**Supplied material**

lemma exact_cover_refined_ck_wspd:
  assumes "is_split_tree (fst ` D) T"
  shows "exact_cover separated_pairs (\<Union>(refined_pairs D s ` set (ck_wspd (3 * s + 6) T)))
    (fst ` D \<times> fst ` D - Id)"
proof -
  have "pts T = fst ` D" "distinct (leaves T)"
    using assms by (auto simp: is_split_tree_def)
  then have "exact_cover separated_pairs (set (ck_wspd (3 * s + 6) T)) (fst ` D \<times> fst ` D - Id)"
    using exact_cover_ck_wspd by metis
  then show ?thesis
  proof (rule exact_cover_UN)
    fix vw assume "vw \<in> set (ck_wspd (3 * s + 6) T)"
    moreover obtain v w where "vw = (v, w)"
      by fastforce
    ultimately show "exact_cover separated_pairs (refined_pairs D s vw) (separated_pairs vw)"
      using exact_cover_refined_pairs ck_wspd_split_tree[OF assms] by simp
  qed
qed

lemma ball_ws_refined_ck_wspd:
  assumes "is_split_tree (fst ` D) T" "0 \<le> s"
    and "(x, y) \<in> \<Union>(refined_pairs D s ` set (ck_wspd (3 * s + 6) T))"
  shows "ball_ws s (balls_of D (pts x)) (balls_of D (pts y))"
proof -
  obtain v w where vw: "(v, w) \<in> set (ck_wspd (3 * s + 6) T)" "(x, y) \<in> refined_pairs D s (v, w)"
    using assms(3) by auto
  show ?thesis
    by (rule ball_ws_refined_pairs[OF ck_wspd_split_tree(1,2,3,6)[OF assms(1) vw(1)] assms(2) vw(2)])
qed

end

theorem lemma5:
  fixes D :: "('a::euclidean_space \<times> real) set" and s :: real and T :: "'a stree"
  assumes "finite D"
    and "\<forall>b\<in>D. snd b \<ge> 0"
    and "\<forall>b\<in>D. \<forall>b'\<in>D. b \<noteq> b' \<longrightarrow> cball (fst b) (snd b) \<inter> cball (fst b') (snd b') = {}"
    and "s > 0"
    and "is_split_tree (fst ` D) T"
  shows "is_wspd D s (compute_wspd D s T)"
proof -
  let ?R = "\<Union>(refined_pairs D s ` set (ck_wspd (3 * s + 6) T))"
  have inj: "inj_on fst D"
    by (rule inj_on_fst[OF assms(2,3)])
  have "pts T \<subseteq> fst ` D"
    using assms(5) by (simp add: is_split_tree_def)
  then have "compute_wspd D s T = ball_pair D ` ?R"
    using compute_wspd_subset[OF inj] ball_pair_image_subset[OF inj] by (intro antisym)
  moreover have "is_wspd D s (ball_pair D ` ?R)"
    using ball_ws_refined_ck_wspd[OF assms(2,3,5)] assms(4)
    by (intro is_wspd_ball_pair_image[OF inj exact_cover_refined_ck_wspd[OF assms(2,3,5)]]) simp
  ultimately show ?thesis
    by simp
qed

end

==

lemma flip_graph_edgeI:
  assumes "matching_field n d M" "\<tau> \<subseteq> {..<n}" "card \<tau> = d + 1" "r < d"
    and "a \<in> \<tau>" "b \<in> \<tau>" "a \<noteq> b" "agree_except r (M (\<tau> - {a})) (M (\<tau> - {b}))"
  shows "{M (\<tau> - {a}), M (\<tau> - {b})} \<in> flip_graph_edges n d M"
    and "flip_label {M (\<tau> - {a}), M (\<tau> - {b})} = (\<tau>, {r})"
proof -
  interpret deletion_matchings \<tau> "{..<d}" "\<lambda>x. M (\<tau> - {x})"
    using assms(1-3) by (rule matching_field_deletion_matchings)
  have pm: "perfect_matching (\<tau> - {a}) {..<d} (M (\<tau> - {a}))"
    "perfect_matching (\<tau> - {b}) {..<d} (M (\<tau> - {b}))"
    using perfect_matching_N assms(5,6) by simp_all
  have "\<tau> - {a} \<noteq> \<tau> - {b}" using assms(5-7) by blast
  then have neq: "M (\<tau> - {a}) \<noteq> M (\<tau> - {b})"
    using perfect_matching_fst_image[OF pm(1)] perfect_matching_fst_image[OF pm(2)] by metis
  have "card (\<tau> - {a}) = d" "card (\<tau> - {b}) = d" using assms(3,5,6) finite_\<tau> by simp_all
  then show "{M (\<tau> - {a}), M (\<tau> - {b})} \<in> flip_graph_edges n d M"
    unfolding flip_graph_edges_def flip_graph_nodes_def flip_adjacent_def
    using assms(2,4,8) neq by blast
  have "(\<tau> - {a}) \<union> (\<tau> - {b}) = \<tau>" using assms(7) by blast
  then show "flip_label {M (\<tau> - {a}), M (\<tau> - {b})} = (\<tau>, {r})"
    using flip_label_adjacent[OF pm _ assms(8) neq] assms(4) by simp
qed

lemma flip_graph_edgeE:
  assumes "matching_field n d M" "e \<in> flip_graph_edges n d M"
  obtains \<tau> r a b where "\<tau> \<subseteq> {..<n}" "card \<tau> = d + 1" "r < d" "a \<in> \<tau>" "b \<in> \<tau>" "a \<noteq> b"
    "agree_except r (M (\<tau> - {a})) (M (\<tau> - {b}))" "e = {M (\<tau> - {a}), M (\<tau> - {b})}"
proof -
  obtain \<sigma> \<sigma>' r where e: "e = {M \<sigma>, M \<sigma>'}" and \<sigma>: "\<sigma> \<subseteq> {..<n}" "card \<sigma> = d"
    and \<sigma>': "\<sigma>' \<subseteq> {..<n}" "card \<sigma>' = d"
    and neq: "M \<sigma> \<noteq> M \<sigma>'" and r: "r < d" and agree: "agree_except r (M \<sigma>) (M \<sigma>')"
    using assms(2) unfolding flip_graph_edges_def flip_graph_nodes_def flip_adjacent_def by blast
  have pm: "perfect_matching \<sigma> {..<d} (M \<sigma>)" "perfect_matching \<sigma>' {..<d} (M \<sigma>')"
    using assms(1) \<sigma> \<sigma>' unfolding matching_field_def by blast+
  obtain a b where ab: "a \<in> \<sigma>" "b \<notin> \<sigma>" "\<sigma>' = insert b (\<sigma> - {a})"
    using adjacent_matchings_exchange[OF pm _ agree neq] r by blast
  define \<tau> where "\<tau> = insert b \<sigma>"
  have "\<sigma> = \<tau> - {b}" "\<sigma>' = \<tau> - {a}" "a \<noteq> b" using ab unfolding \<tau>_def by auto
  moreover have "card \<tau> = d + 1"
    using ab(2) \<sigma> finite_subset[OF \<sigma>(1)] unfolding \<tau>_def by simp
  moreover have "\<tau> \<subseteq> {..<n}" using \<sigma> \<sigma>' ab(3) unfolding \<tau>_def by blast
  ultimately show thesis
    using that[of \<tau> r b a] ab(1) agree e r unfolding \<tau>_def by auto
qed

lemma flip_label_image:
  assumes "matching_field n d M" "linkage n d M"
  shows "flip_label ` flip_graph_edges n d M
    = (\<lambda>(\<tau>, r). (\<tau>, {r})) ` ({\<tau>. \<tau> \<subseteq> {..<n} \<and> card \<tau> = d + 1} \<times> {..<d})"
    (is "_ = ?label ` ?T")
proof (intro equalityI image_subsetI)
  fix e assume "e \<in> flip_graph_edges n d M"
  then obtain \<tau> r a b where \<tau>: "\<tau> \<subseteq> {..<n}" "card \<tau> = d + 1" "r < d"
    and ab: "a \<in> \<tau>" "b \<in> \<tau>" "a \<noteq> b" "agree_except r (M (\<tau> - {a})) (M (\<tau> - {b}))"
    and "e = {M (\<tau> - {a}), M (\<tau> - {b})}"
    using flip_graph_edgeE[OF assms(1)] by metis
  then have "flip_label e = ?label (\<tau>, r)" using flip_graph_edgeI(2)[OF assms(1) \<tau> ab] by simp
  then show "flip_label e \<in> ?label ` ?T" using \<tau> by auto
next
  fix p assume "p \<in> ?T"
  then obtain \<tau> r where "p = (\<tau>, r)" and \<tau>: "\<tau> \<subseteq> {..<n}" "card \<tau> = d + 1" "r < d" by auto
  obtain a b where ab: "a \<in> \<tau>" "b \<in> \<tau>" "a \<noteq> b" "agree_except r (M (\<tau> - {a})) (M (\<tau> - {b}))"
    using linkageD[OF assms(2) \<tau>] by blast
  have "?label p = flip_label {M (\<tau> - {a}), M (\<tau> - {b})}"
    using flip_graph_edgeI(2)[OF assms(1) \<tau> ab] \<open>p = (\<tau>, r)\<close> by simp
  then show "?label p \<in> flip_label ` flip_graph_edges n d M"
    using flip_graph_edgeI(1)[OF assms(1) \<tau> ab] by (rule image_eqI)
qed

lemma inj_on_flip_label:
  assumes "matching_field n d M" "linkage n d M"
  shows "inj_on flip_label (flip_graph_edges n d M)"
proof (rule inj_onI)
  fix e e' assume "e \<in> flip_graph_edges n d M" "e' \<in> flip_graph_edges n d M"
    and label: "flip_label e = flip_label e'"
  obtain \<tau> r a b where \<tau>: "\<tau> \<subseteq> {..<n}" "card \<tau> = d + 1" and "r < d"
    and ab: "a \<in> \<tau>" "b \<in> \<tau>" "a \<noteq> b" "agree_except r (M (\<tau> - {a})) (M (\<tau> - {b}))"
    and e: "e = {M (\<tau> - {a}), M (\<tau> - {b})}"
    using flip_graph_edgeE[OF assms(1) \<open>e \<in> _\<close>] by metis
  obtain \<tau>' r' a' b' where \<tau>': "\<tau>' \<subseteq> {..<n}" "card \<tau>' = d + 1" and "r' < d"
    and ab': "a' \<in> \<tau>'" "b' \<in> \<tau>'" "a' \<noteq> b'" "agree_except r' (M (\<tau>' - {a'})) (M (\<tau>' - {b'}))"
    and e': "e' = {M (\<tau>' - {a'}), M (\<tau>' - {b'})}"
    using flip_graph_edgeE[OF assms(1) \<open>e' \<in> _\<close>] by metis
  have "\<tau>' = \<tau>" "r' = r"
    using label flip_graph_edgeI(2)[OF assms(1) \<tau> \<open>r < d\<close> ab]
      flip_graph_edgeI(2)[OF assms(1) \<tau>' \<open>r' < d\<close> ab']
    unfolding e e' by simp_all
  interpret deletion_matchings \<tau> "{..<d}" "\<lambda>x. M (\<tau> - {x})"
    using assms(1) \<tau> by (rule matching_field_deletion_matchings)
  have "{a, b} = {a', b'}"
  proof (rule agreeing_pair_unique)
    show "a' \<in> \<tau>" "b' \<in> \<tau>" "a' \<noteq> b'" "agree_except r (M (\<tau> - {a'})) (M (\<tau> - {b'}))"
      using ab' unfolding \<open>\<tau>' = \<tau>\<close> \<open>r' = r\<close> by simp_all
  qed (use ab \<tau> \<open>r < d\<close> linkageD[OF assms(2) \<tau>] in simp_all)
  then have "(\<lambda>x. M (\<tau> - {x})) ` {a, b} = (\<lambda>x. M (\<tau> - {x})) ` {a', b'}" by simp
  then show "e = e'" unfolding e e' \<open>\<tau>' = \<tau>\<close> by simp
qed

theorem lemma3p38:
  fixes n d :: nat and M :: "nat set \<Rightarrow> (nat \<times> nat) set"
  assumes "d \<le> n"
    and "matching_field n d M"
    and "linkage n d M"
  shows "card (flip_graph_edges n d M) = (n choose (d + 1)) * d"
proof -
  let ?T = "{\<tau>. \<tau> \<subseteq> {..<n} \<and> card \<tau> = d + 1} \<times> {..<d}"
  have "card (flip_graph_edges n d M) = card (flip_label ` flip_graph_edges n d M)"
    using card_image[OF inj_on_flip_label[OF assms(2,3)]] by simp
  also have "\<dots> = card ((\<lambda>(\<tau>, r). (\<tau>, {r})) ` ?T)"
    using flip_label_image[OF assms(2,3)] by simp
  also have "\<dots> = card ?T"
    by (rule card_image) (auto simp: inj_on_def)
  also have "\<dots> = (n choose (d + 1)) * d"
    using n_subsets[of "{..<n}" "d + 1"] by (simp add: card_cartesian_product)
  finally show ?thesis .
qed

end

**Required action**
In the entries above, find each line with the word "dots" and show it.

**Solution**
  also have "\<dots> = card ((\<lambda>(\<tau>, r). (\<tau>, {r})) ` ?T)"
  also have "\<dots> = card ?T"
  also have "\<dots> = (n choose (d + 1)) * d"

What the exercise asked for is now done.